text \<open>Everything is stated on the Fourier side: a function u in H^s(R) is
represented by its Fourier transform v = u-hat, a complex-valued function on R.\<close>

definition jb :: "real \<Rightarrow> real" where
  "jb a = sqrt (1 + a\<^sup>2)"

definition Phi :: "real \<Rightarrow> real \<Rightarrow> real \<Rightarrow> real" where
  "Phi \<xi> \<xi>1 \<xi>3 = (\<xi> - \<xi>1) * (\<xi> - \<xi>3)"

definition in_Hs :: "real \<Rightarrow> (real \<Rightarrow> complex) \<Rightarrow> bool" where
  "in_Hs s v \<longleftrightarrow> v \<in> borel_measurable lborel \<and>
     integrable lborel (\<lambda>\<xi>. jb \<xi> powr (2 * s) * (cmod (v \<xi>))\<^sup>2)"

definition Hs_norm :: "real \<Rightarrow> (real \<Rightarrow> complex) \<Rightarrow> real" where
  "Hs_norm s v = sqrt (\<integral> \<xi>. jb \<xi> powr (2 * s) * (cmod (v \<xi>))\<^sup>2 \<partial>lborel)"

definition Hs_enorm_sq :: "real \<Rightarrow> (real \<Rightarrow> complex) \<Rightarrow> ennreal" where
  "Hs_enorm_sq s v = (\<integral>\<^sup>+ \<xi>. ennreal (jb \<xi> powr (2 * s) * (cmod (v \<xi>))\<^sup>2) \<partial>lborel)"

text \<open>Fourier transform of T^{alpha,M}(u1,u2,u3) at xi, given the Fourier
transforms v1 v2 v3; integration over (xi1, xi3) with xi2 = xi - xi1 - xi3, m = 1.\<close>
definition T_hat :: "real \<Rightarrow> real \<Rightarrow> (real \<Rightarrow> complex) \<Rightarrow> (real \<Rightarrow> complex) \<Rightarrow>
    (real \<Rightarrow> complex) \<Rightarrow> real \<Rightarrow> complex" where
  "T_hat \<alpha> M v1 v2 v3 \<xi> =
     (\<integral> p. indicator {p. \<bar>Phi \<xi> (fst p) (snd p) - \<alpha>\<bar> < M} p *
            v1 (fst p) * v2 (\<xi> - fst p - snd p) * v3 (snd p) \<partial>(lborel :: (real \<times> real) measure))"

end

theory Submission
  imports Defs
begin
(* Let $(a_n)_{n=1}^\infty$ and $(A_n)_{n=1}^\infty$ be sequences of real numbers such that (i) $0<a_{n+1}\le a_n/3$ for all $n\in\mathbb{N}$, and (ii) $\sum_{n=1}^\infty|A_n|/a_n<\infty$. Then the function $f$ on $[0,a_1]$ defined by $$f(x)=\frac{A_n-A_{n+1}}{a_n-a_{n+1}}(x-a_{n+1})+A_{n+1}\ \text{ if } x\in(a_{n+1},a_n],\qquad f(0)=0,$$ is a DCR function on $[0,a_1]$.
   Context: A function on an open interval is DC if it is the difference of two convex functions. A function defined on a nonempty set $D\subset\mathbb{R}$ is DCR if it is the restriction of a DC function defined on $\mathbb{R}$. *)

theory Defs
  imports "HOL-Analysis.Analysis"
begin

definition DC_on :: "real set \<Rightarrow> (real \<Rightarrow> real) \<Rightarrow> bool" where
  "DC_on I f \<longleftrightarrow> (\<exists>g h. convex_on I g \<and> convex_on I h \<and> (\<forall>x\<in>I. f x = g x - h x))"

definition DCR_on :: "real set \<Rightarrow> (real \<Rightarrow> real) \<Rightarrow> bool" where
  "DCR_on D f \<longleftrightarrow> D \<noteq> {} \<and> (\<exists>F. DC_on UNIV F \<and> (\<forall>x\<in>D. f x = F x))"

end

theory Submission
  imports Defs
begin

_ _ _ _ _ _ _

**Problem:**
Please quote the records above exactly, without skipping a line.

**Output of the task:**
text \<open>Everything is stated on the Fourier side: a function u in H^s(R) is
represented by its Fourier transform v = u-hat, a complex-valued function on R.\<close>

definition jb :: "real \<Rightarrow> real" where
  "jb a = sqrt (1 + a\<^sup>2)"

definition Phi :: "real \<Rightarrow> real \<Rightarrow> real \<Rightarrow> real" where
  "Phi \<xi> \<xi>1 \<xi>3 = (\<xi> - \<xi>1) * (\<xi> - \<xi>3)"

definition in_Hs :: "real \<Rightarrow> (real \<Rightarrow> complex) \<Rightarrow> bool" where
  "in_Hs s v \<longleftrightarrow> v \<in> borel_measurable lborel \<and>
     integrable lborel (\<lambda>\<xi>. jb \<xi> powr (2 * s) * (cmod (v \<xi>))\<^sup>2)"

definition Hs_norm :: "real \<Rightarrow> (real \<Rightarrow> complex) \<Rightarrow> real" where
  "Hs_norm s v = sqrt (\<integral> \<xi>. jb \<xi> powr (2 * s) * (cmod (v \<xi>))\<^sup>2 \<partial>lborel)"

definition Hs_enorm_sq :: "real \<Rightarrow> (real \<Rightarrow> complex) \<Rightarrow> ennreal" where
  "Hs_enorm_sq s v = (\<integral>\<^sup>+ \<xi>. ennreal (jb \<xi> powr (2 * s) * (cmod (v \<xi>))\<^sup>2) \<partial>lborel)"

text \<open>Fourier transform of T^{alpha,M}(u1,u2,u3) at xi, given the Fourier
transforms v1 v2 v3; integration over (xi1, xi3) with xi2 = xi - xi1 - xi3, m = 1.\<close>
definition T_hat :: "real \<Rightarrow> real \<Rightarrow> (real \<Rightarrow> complex) \<Rightarrow> (real \<Rightarrow> complex) \<Rightarrow>
    (real \<Rightarrow> complex) \<Rightarrow> real \<Rightarrow> complex" where
  "T_hat \<alpha> M v1 v2 v3 \<xi> =
     (\<integral> p. indicator {p. \<bar>Phi \<xi> (fst p) (snd p) - \<alpha>\<bar> < M} p *
            v1 (fst p) * v2 (\<xi> - fst p - snd p) * v3 (snd p) \<partial>(lborel :: (real \<times> real) measure))"

end

theory Submission
  imports Defs
begin
(* Let $(a_n)_{n=1}^\infty$ and $(A_n)_{n=1}^\infty$ be sequences of real numbers such that (i) $0<a_{n+1}\le a_n/3$ for all $n\in\mathbb{N}$, and (ii) $\sum_{n=1}^\infty|A_n|/a_n<\infty$. Then the function $f$ on $[0,a_1]$ defined by $$f(x)=\frac{A_n-A_{n+1}}{a_n-a_{n+1}}(x-a_{n+1})+A_{n+1}\ \text{ if } x\in(a_{n+1},a_n],\qquad f(0)=0,$$ is a DCR function on $[0,a_1]$.
   Context: A function on an open interval is DC if it is the difference of two convex functions. A function defined on a nonempty set $D\subset\mathbb{R}$ is DCR if it is the restriction of a DC function defined on $\mathbb{R}$. *)

theory Defs
  imports "HOL-Analysis.Analysis"
begin

definition DC_on :: "real set \<Rightarrow> (real \<Rightarrow> real) \<Rightarrow> bool" where
  "DC_on I f \<longleftrightarrow> (\<exists>g h. convex_on I g \<and> convex_on I h \<and> (\<forall>x\<in>I. f x = g x - h x))"

definition DCR_on :: "real set \<Rightarrow> (real \<Rightarrow> real) \<Rightarrow> bool" where
  "DCR_on D f \<longleftrightarrow> D \<noteq> {} \<and> (\<exists>F. DC_on UNIV F \<and> (\<forall>x\<in>D. f x = F x))"

end

theory Submission
  imports Defs
begin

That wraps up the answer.